* [What you are asked to do]: Please return every line below that contains the string "Longrightarrow".

Start of Block

(* Let $\varrho\in C^2(\mathbb{C};\mathbb{C})$ be not $\mathbb{R}$-affine, let $K\subseteq\mathbb{C}$ be compact and $\varepsilon>0$. Then there exist $\mathbb{C}$-affine maps $\phi:\mathbb{C}\to\mathbb{C}^4$ and $\psi:\mathbb{C}^4\to\mathbb{C}$ such that at least one of the three inequalities $$\sup_{z\in K}|(\psi\circ\varrho^{\times4}\circ\phi)(z)-z\overline{z}|<\varepsilon,\quad \sup_{z\in K}|(\psi\circ\varrho^{\times4}\circ\phi)(z)-z^2|<\varepsilon,\quad \sup_{z\in K}|(\psi\circ\varrho^{\times4}\circ\phi)(z)-\overline{z}^2|<\varepsilon$$ holds.
   Context: $\varrho$ is $\mathbb{R}$-affine if it is affine as a map $\mathbb{R}^2\to\mathbb{R}^2$ under $\mathbb{C}\cong\mathbb{R}^2$. A map $\mathbb{C}^a\to\mathbb{C}^b$ is $\mathbb{C}$-affine if it has the form $z\mapsto Az+b$ with complex $A,b$. $\varrho^{\times4}$ applies $\varrho$ componentwise on $\mathbb{C}^4$. $C^2(\mathbb{C};\mathbb{C})$: continuous partial derivatives (real sense) up to order 2. *)

theory Defs
  imports "HOL-Analysis.Analysis"
begin

text \<open>Directional (real) partial derivative of \<open>f :: complex \<Rightarrow> complex\<close> at \<open>z\<close>
  in direction \<open>v\<close> (we use \<open>v = 1\<close> for \<open>\<partial>/\<partial>x\<close> and \<open>v = \<i>\<close> for \<open>\<partial>/\<partial>y\<close>).\<close>
definition has_partial :: "complex \<Rightarrow> (complex \<Rightarrow> complex) \<Rightarrow> complex \<Rightarrow> bool" where
  "has_partial v f z \<longleftrightarrow> (\<lambda>t::real. f (z + of_real t * v)) differentiable (at 0)"

definition partial :: "complex \<Rightarrow> (complex \<Rightarrow> complex) \<Rightarrow> complex \<Rightarrow> complex" where
  "partial v f z = vector_derivative (\<lambda>t::real. f (z + of_real t * v)) (at 0)"

definition C2 :: "(complex \<Rightarrow> complex) \<Rightarrow> bool" where
  "C2 f \<longleftrightarrow> continuous_on UNIV f
     \<and> (\<forall>v\<in>{1, \<i>}. (\<forall>z. has_partial v f z) \<and> continuous_on UNIV (partial v f)
         \<and> (\<forall>w\<in>{1, \<i>}. (\<forall>z. has_partial w (partial v f) z)
                        \<and> continuous_on UNIV (partial w (partial v f))))"

text \<open>\<open>\<real>\<close>-affine: affine as a map \<open>\<real>\<^sup>2 \<rightarrow> \<real>\<^sup>2\<close>, i.e. real-linear plus a constant.\<close>
definition R_affine :: "(complex \<Rightarrow> complex) \<Rightarrow> bool" where
  "R_affine f \<longleftrightarrow> (\<exists>A b. linear A \<and> (\<forall>z. f z = A z + b))"

definition C_affine_1_4 :: "(complex \<Rightarrow> complex ^ 4) \<Rightarrow> bool" where
  "C_affine_1_4 \<phi> \<longleftrightarrow> (\<exists>a b :: complex ^ 4. \<forall>z. \<phi> z = (\<chi> i. a $ i * z + b $ i))"

definition C_affine_4_1 :: "(complex ^ 4 \<Rightarrow> complex) \<Rightarrow> bool" where
  "C_affine_4_1 \<psi> \<longleftrightarrow> (\<exists>(c :: complex ^ 4) (d :: complex). \<forall>w. \<psi> w = (\<Sum>i\<in>UNIV. c $ i * w $ i) + d)"

definition rho4 :: "(complex \<Rightarrow> complex) \<Rightarrow> complex ^ 4 \<Rightarrow> complex ^ 4" where
  "rho4 \<rho> w = (\<chi> i. \<rho> (w $ i))"

text \<open>\<open>sup\<^sub>z\<^sub>\<in>\<^sub>K |g z| < \<epsilon>\<close> (supremum in the extended sense, so empty \<open>K\<close> is fine).\<close>
definition sup_lt :: "complex set \<Rightarrow> (complex \<Rightarrow> complex) \<Rightarrow> real \<Rightarrow> bool" where
  "sup_lt K g \<epsilon> \<longleftrightarrow> (\<exists>\<delta><\<epsilon>. \<forall>z\<in>K. cmod (g z) \<le> \<delta>)"

end

(* The symmetric second difference
     D_h(w) = (rho (z0 + h w) + rho (z0 - h w) - 2 rho z0) / (2 h^2)
   is a C-affine combination of values of rho at C-affine images of w, and a second-order
   Taylor estimate shows that, as h -> 0, it converges uniformly on bounded sets to the
   Hessian form Q(w) = (rho_xx x^2 + 2 rho_xy x y + rho_yy y^2) / 2 at z0, where w = x + i y.
   As rho is not R-affine, the Hessian does not vanish at some z0. Then
   Q(w) = a w^2 + b w conj(w) + c conj(w)^2 with (a, b, c) nonzero, and a combination
   alpha Q(w) + beta Q(omega w) equals w conj(w) (if b is nonzero, omega = i), w^2 (if b = 0
   and a is nonzero, omega = 1 + i) or conj(w)^2; realizing it by two second differences
   takes four values of rho. *)

theory Submission
  imports Defs
begin

lemma first_order_remainder_bound:
  fixes g g' :: "real \<Rightarrow> 'a::real_normed_vector"
  assumes deriv: "\<And>t. (g has_vector_derivative g' t) (at t)"
    and near: "\<And>t. \<bar>t\<bar> \<le> \<bar>h\<bar> \<Longrightarrow> norm (g' t - c) \<le> M"
  shows "norm (g h - g 0 - h *\<^sub>R c) \<le> M * \<bar>h\<bar>"
proof -
  define G where "G t = g t - t *\<^sub>R c" for t
  have "norm (G h - G 0) \<le> M * norm (h - 0)"
  proof (rule differentiable_bound[where S="closed_segment 0 h" and f'="\<lambda>t u. u *\<^sub>R (g' t - c)"])
    show "(G has_derivative (\<lambda>u. u *\<^sub>R (g' t - c))) (at t within closed_segment 0 h)" for t
      unfolding G_def using deriv[of t]
      by (auto intro!: derivative_eq_intros simp: has_vector_derivative_def has_derivative_at_withinI
          algebra_simps)
    fix t assume "t \<in> closed_segment 0 h"
    then have "\<bar>t\<bar> \<le> \<bar>h\<bar>" by (auto simp: closed_segment_eq_real_ivl split: if_splits)
    then show "onorm (\<lambda>u. u *\<^sub>R (g' t - c)) \<le> M"
      using near by (simp add: onorm_scaleR_left onorm_id)
  qed auto
  then show ?thesis by (simp add: G_def algebra_simps)
qed

lemma second_order_remainder_bound:
  fixes g p q :: "real \<Rightarrow> 'a::real_normed_vector"
  assumes deriv: "\<And>t. (g has_vector_derivative p t) (at t)"
    and deriv2: "\<And>t. (p has_vector_derivative q t) (at t)"
    and near: "\<And>t. \<bar>t\<bar> \<le> \<bar>h\<bar> \<Longrightarrow> norm (q t - c) \<le> M"
  shows "norm (g h - g 0 - h *\<^sub>R p 0 - (h\<^sup>2 / 2) *\<^sub>R c) \<le> M * h\<^sup>2"
proof -
  have "norm (q 0 - c) \<le> M" using near by simp
  then have "0 \<le> M" using norm_ge_zero order_trans by blast
  define G where "G t = g t - t *\<^sub>R p 0 - (t\<^sup>2 / 2) *\<^sub>R c" for t
  have "(G has_vector_derivative (p t - p 0 - t *\<^sub>R c)) (at t)" for t
    unfolding G_def by (rule derivative_eq_intros deriv | simp)+
  then have "norm (G h - G 0 - h *\<^sub>R 0) \<le> (M * \<bar>h\<bar>) * \<bar>h\<bar>"
  proof (rule first_order_remainder_bound)
    fix t :: real assume t: "\<bar>t\<bar> \<le> \<bar>h\<bar>"
    have "norm (p t - p 0 - t *\<^sub>R c) \<le> M * \<bar>t\<bar>"
      using first_order_remainder_bound[OF deriv2, of t c M] near t by auto
    also have "\<dots> \<le> M * \<bar>h\<bar>" using t \<open>0 \<le> M\<close> by (simp add: mult_left_mono)
    finally show "norm (p t - p 0 - t *\<^sub>R c - 0) \<le> M * \<bar>h\<bar>" by simp
  qed
  then show ?thesis by (simp add: G_def power2_eq_square mult.assoc algebra_simps)
qed

lemma has_vector_derivative_partial_line:
  assumes "\<forall>z. has_partial v f z"
  shows "((\<lambda>t. f (z + of_real t * v)) has_vector_derivative partial v f (z + of_real s * v)) (at s)"
proof -
  let ?k = "\<lambda>t::real. f ((z + of_real s * v) + of_real t * v)"
  have "?k differentiable (at 0)" using assms by (simp add: has_partial_def)
  then have "(?k has_vector_derivative partial v f (z + of_real s * v)) (at 0)"
    unfolding partial_def by (rule vector_derivative_works[THEN iffD1])
  moreover have "((\<lambda>t. t - s) has_vector_derivative 1) (at s)"
    by (auto intro!: derivative_eq_intros)
  ultimately have "((?k \<circ> (\<lambda>t. t - s)) has_vector_derivative partial v f (z + of_real s * v)) (at s)"
    using vector_diff_chain_at by fastforce
  moreover have "?k \<circ> (\<lambda>t. t - s) = (\<lambda>t. f (z + of_real t * v))"
    by (auto simp: fun_eq_iff algebra_simps)
  ultimately show ?thesis by simp
qed

lemma line_affine_if_partial_constant:
  assumes "\<forall>z. has_partial v f z" and "\<And>t. partial v f (z + of_real t * v) = c"
  shows "f (z + of_real s * v) = f z + of_real s * c"
proof -
  have "norm (f (z + of_real s * v) - f (z + of_real 0 * v) - s *\<^sub>R c) \<le> 0 * \<bar>s\<bar>"
    by (rule first_order_remainder_bound[OF has_vector_derivative_partial_line[OF assms(1)]])
      (simp add: assms(2))
  then show ?thesis by (simp add: scaleR_conv_of_real diff_eq_eq add.commute)
qed

lemma sum_squares_plus_abs_mult_le:
  fixes x y :: real
  shows "x\<^sup>2 + y\<^sup>2 + \<bar>x\<bar> * \<bar>y\<bar> \<le> 2 * (x\<^sup>2 + y\<^sup>2)"
proof -
  have "2 * (\<bar>x\<bar> * \<bar>y\<bar>) \<le> x\<^sup>2 + y\<^sup>2"
    using sum_squares_bound[of "\<bar>x\<bar>" "\<bar>y\<bar>"] by (simp add: mult.assoc)
  moreover have "0 \<le> \<bar>x\<bar> * \<bar>y\<bar>" by simp
  ultimately show ?thesis by (simp only: mult_2 add_le_cancel_left)
qed

lemma cmod_Complex_Re_le:
  assumes "\<bar>s\<bar> \<le> \<bar>Im w\<bar>"
  shows "cmod (Complex (Re w) s) \<le> cmod w"
proof -
  have "s\<^sup>2 \<le> (Im w)\<^sup>2" using assms by (simp add: abs_le_square_iff)
  then show ?thesis by (simp add: cmod_def)
qed

definition quadratic_form :: "complex \<Rightarrow> complex \<Rightarrow> complex \<Rightarrow> complex \<Rightarrow> complex" where
  "quadratic_form A B C w =
     of_real ((Re w)\<^sup>2 / 2) * A + of_real (Re w * Im w) * B + of_real ((Im w)\<^sup>2 / 2) * C"

lemma quadratic_form_scale [simp]:
  "quadratic_form A B C (of_real h * w) = of_real (h\<^sup>2) * quadratic_form A B C w"
  by (simp add: quadratic_form_def power_mult_distrib power2_eq_square algebra_simps)

lemma quadratic_form_minus [simp]: "quadratic_form A B C (- w) = quadratic_form A B C w"
  by (simp add: quadratic_form_def)

lemma quadratic_form_conv_cnj:
  "quadratic_form A B C w =
     (A - C - 2 * \<i> * B) / 8 * w\<^sup>2 + (A + C) / 4 * (w * cnj w) + (A - C + 2 * \<i> * B) / 8 * (cnj w)\<^sup>2"
proof -
  define x y where "x = complex_of_real (Re w)" and "y = complex_of_real (Im w)"
  have w: "w = x + \<i> * y" and cnj_w: "cnj w = x - \<i> * y"
    by (simp_all add: x_def y_def complex_eq_iff)
  have "quadratic_form A B C w = x\<^sup>2 / 2 * A + x * y * B + y\<^sup>2 / 2 * C"
    by (simp add: quadratic_form_def x_def y_def)
  also have "\<dots> = (A - C - 2 * \<i> * B) / 8 * (x + \<i> * y)\<^sup>2 + (A + C) / 4 * ((x + \<i> * y) * (x - \<i> * y))
      + (A - C + 2 * \<i> * B) / 8 * (x - \<i> * y)\<^sup>2"
    by (simp add: field_simps power2_eq_square)
  finally show ?thesis unfolding cnj_w by (simp only: w)
qed

lemma cnj_quadratic_spans_target:
  fixes a b c :: complex
  assumes "a \<noteq> 0 \<or> b \<noteq> 0 \<or> c \<noteq> 0"
  defines "q \<equiv> \<lambda>w. a * w\<^sup>2 + b * (w * cnj w) + c * (cnj w)\<^sup>2"
  shows "\<exists>T\<in>{\<lambda>z. z * cnj z, \<lambda>z. z\<^sup>2, \<lambda>z. (cnj z)\<^sup>2}. \<exists>\<alpha> \<beta> \<omega>. \<forall>z. T z = \<alpha> * q z + \<beta> * q (\<omega> * z)"
proof -
  consider "b \<noteq> 0" | "b = 0" "a \<noteq> 0" | "b = 0" "a = 0" "c \<noteq> 0" using assms(1) by blast
  then show ?thesis
  proof cases
    case 1
    then have "z * cnj z = 1 / (2 * b) * q z + 1 / (2 * b) * q (\<i> * z)" for z
      by (simp add: q_def field_simps power2_eq_square)
    then have "\<exists>\<alpha> \<beta> \<omega>. \<forall>z. z * cnj z = \<alpha> * q z + \<beta> * q (\<omega> * z)" by blast
    then show ?thesis by simp
  next
    case 2
    then have "z\<^sup>2 = 1 / (2 * a) * q z + - \<i> / (4 * a) * q ((1 + \<i>) * z)" for z
      by (simp add: q_def field_simps power2_eq_square)
    then have "\<exists>\<alpha> \<beta> \<omega>. \<forall>z. z\<^sup>2 = \<alpha> * q z + \<beta> * q (\<omega> * z)" by blast
    then show ?thesis by simp
  next
    case 3
    then have "(cnj z)\<^sup>2 = 1 / c * q z + 0 * q (1 * z)" for z
      by (simp add: q_def)
    then have "\<exists>\<alpha> \<beta> \<omega>. \<forall>z. (cnj z)\<^sup>2 = \<alpha> * q z + \<beta> * q (\<omega> * z)" by blast
    then show ?thesis by simp
  qed
qed

lemma quadratic_form_spans_target:
  assumes "A \<noteq> 0 \<or> B \<noteq> 0 \<or> C \<noteq> 0"
  shows "\<exists>T\<in>{\<lambda>z. z * cnj z, \<lambda>z. z\<^sup>2, \<lambda>z. (cnj z)\<^sup>2}.
    \<exists>\<alpha> \<beta> \<omega>. \<forall>z. T z = \<alpha> * quadratic_form A B C z + \<beta> * quadratic_form A B C (\<omega> * z)"
proof -
  have "(A - C - 2 * \<i> * B) / 8 \<noteq> 0 \<or> (A + C) / 4 \<noteq> 0 \<or> (A - C + 2 * \<i> * B) / 8 \<noteq> 0"
    using assms by (auto simp: algebra_simps)
  from cnj_quadratic_spans_target[OF this] show ?thesis
    by (simp only: quadratic_form_conv_cnj)
qed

End of Block

* [Solution to this problem]:
    and near: "\<And>t. \<bar>t\<bar> \<le> \<bar>h\<bar> \<Longrightarrow> norm (g' t - c) \<le> M"
    and near: "\<And>t. \<bar>t\<bar> \<le> \<bar>h\<bar> \<Longrightarrow> norm (q t - c) \<le> M"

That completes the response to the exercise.